- _Requirement_
For the data that follows, give the number of lines in which "open" appears. Add nothing to it.
====================
(* Let $\kappa\ge1$, $n\ge1$ be integers and $0<\epsilon<1$. Let $\mathcal{C}=\{q\in\mathbb{R}^{2^\kappa}: q_i\ge0\ \forall i,\ \sum_{i=0}^{2^\kappa-1}q_i=1\}$. If $q\in\mathcal{C}$ is a local minimizer of $q\mapsto l(n,\epsilon,q)$ on $\mathcal{C}$, then $q_0=0$.
   Context: $W=\mathbb{F}_2^\kappa$; $\nu(i)\in W$ is the binary expansion of $i\in\{0,\dots,2^\kappa-1\}$; vectors $q\in\mathbb{R}^{2^\kappa}$ are indexed $q_0,\dots,q_{2^\kappa-1}$. For a subspace $S\subseteq W$, $\zeta(S,q)=\sum_{i:\nu(i)\in S}q_i$; $\Xi(W,d)$ is the set of $d$-dimensional subspaces of $W$. For real $q$, the (continuous) expected equivocation loss is $l(n,\epsilon,q)=n(1-\epsilon)-\kappa+\sum_{\delta=1}^{\kappa}K_\delta\sum_{S\in\Xi(W,\kappa-\delta)}\epsilon^{n(1-\zeta(S,q))}$, with $K_\delta=\prod_{i=1}^{\delta-1}(1-2^i)$. (When $q$ is the column-distribution vector of a $\kappa\times n$ generator matrix $G$, i.e. $q_i$ is the fraction of columns of $G$ equal to $\nu(i)$, this is the expected equivocation loss of the corresponding coset code over a binary erasure channel with erasure probability $\epsilon$.) A local minimizer of $f$ on $\mathcal{C}$ is a point $q\in\mathcal{C}$ with $f(q)\le f(q')$ for all $q'\in\mathcal{C}$ in some neighborhood of $q$. *)

theory Defs
  imports "HOL-Analysis.Analysis"
begin

text \<open>Elements of W = F_2^kappa are represented as functions nat => bool
  (coordinate j is the j-th bit), vanishing at coordinates j >= kappa.\<close>

definition Wsp :: "nat \<Rightarrow> (nat \<Rightarrow> bool) set" where
  "Wsp \<kappa> = {v. \<forall>j. v j \<longrightarrow> j < \<kappa>}"

definition nu :: "nat \<Rightarrow> nat \<Rightarrow> (nat \<Rightarrow> bool)" where
  "nu \<kappa> i = (\<lambda>j. j < \<kappa> \<and> bit i j)"

definition vzero :: "nat \<Rightarrow> bool" where
  "vzero = (\<lambda>j. False)"

definition vadd :: "(nat \<Rightarrow> bool) \<Rightarrow> (nat \<Rightarrow> bool) \<Rightarrow> (nat \<Rightarrow> bool)" where
  "vadd u v = (\<lambda>j. u j \<noteq> v j)"

definition vsum :: "(nat \<Rightarrow> bool) set \<Rightarrow> (nat \<Rightarrow> bool)" where
  "vsum T = (\<lambda>j. odd (card {v\<in>T. v j}))"

definition is_subspace :: "nat \<Rightarrow> (nat \<Rightarrow> bool) set \<Rightarrow> bool" where
  "is_subspace \<kappa> S \<longleftrightarrow> S \<subseteq> Wsp \<kappa> \<and> vzero \<in> S \<and> (\<forall>u\<in>S. \<forall>v\<in>S. vadd u v \<in> S)"

text \<open>Xi kappa d: the d-dimensional subspaces of W, i.e. subspaces having a basis
  B of cardinality d (every element is a unique F_2-combination of B).\<close>
definition Xi :: "nat \<Rightarrow> nat \<Rightarrow> (nat \<Rightarrow> bool) set set" where
  "Xi \<kappa> d = {S. is_subspace \<kappa> S \<and>
     (\<exists>B. B \<subseteq> S \<and> finite B \<and> card B = d \<and> bij_betw vsum (Pow B) S)}"

definition zeta :: "nat \<Rightarrow> (nat \<Rightarrow> bool) set \<Rightarrow> (nat \<Rightarrow> real) \<Rightarrow> real" where
  "zeta \<kappa> S q = (\<Sum>i\<in>{i. i < 2^\<kappa> \<and> nu \<kappa> i \<in> S}. q i)"

definition Kc :: "nat \<Rightarrow> real" where
  "Kc \<delta> = (\<Prod>i\<in>{1..<\<delta>}. 1 - 2^i)"

definition loss :: "nat \<Rightarrow> nat \<Rightarrow> real \<Rightarrow> (nat \<Rightarrow> real) \<Rightarrow> real" where
  "loss \<kappa> n \<epsilon> q = real n * (1 - \<epsilon>) - real \<kappa> +
     (\<Sum>\<delta>\<in>{1..\<kappa>}. Kc \<delta> * (\<Sum>S\<in>Xi \<kappa> (\<kappa> - \<delta>). \<epsilon> powr (real n * (1 - zeta \<kappa> S q))))"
====================
- _Solution for this exercise_
2